Automated and real-time loan underwriting
Underwriters can save time by automating the process of drawing conclusions and suggesting the best loan conditions. This improves your ability to make real-time judgments and appeal to price-conscious customers looking for the greatest bargain (without magnifying the risk of a default).
Furthermore, computerized loan underwriting can result in:
- Compliance obligations to be implemented in a unified manner.
- Improved auditing and consistent loan results
- Reduced volume of obligatory manual reviews leads to increased team productivity.
Built-in loan origination system analytics can also assist your company in identifying decisions that increase credit risks and, as a result, boost portfolio yields by delivering the best rates at the best times.
Instant loan approvals and disbursement
Finally, you can set up an online system for borrowers to approve loans. To confirm customer identities and automatically save document copies in your systems, you can use e-signature software or biometrics.
For smaller personal loans, you should additionally enable same-day or next-day account funding.

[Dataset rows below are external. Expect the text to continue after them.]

lemma longest_path_closes:
  assumes tr: "two_regular V E" and p: "is_path V E p" and p3: "3 \<le> length p"
    and longest: "\<And>q. is_path V E q \<Longrightarrow> length q \<le> length p"
  shows "{last p, p ! 0} \<in> E"
proof -
  let ?m = "length p"
  have dist: "distinct p" and sub: "set p \<subseteq> V"
    using p unfolding is_path_def by auto
  have ne: "p \<noteq> []" using p3 by (cases p) auto
  then have x: "last p = p ! (?m - 1)" "last p \<in> V"
    using sub by (auto simp: last_conv_nth)
  obtain u where u: "{last p, u} \<in> E" "u \<noteq> p ! (?m - 2)"
    using two_regular_other_neighbour[OF tr x(2)] by blast
  have "u \<in> set p"
  proof (rule ccontr)
    assume "u \<notin> set p"
    moreover have "u \<in> V" using two_regular_edge[OF tr u(1)] by blast
    ultimately have "is_path V E (p @ [u])" using is_path_snoc[OF p ne _ _ u(1)] by blast
    then show False using longest[of "p @ [u]"] by simp
  qed
  then obtain i where i: "i < ?m" "u = p ! i"
    unfolding in_set_conv_nth by blast
  have "u \<noteq> last p" using two_regular_edge[OF tr u(1)] by blast
  then have "i \<noteq> ?m - 1" using i x(1) by auto
  moreover have "i \<noteq> ?m - 2" using u(2) i by auto
  ultimately have "i + 2 < ?m" using i(1) by linarith
  have "i = 0"
  proof (rule ccontr)
    assume "i \<noteq> 0"
    then have "last p = p ! (i - 1) \<or> last p = p ! (i + 1)"
      using path_interior_neighbour[OF tr p, of i "last p"] \<open>i + 2 < ?m\<close> u(1) i(2)
      by (simp add: insert_commute)
    moreover have "last p \<noteq> p ! (i - 1)" "last p \<noteq> p ! (i + 1)"
      using dist \<open>i + 2 < ?m\<close> unfolding x(1) by (simp_all add: nth_eq_iff_index_eq)
    ultimately show False by blast
  qed
  then show ?thesis using u(1) i(2) by simp
qed

lemma longest_path_is_cycle:
  assumes tr: "two_regular V E" and p: "is_path V E p" and p3: "3 \<le> length p"
    and longest: "\<And>q. is_path V E q \<Longrightarrow> length q \<le> length p"
  shows "is_cycle V E p"
  unfolding is_cycle_def
proof (intro conjI allI impI)
  fix k assume k: "k < length p"
  show "{p ! k, p ! ((k + 1) mod length p)} \<in> E"
  proof (cases "Suc k < length p")
    case True
    then show ?thesis using p unfolding is_path_def by simp
  next
    case False
    then have "k = length p - 1" "p \<noteq> []" using k by auto
    then show ?thesis using longest_path_closes[OF assms] by (simp add: last_conv_nth)
  qed
qed (use p p3 in \<open>auto simp: is_path_def\<close>)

In a tailored communication, set the timetable expectations for increasing amounts of funding.
Deploy Early Warning System (EWS) post disbursement
Post disbursement, banks need to have a reliable solution to keep a track of all the loans and identify irregularities to take immediate action. EWS by Pirimid looks for 300+ data points on a real-time basis to alert lenders if there is a reasonable probability of the borrower defaulting next EMI.
Lending operations can be digitized and automated to bring you closer to your consumers. Your institution may gain new business despite financial constraints by playing the role of an eager, flexible, and data-driven assistant, methodically rebuilding its portfolio one digitally verified borrower at a time.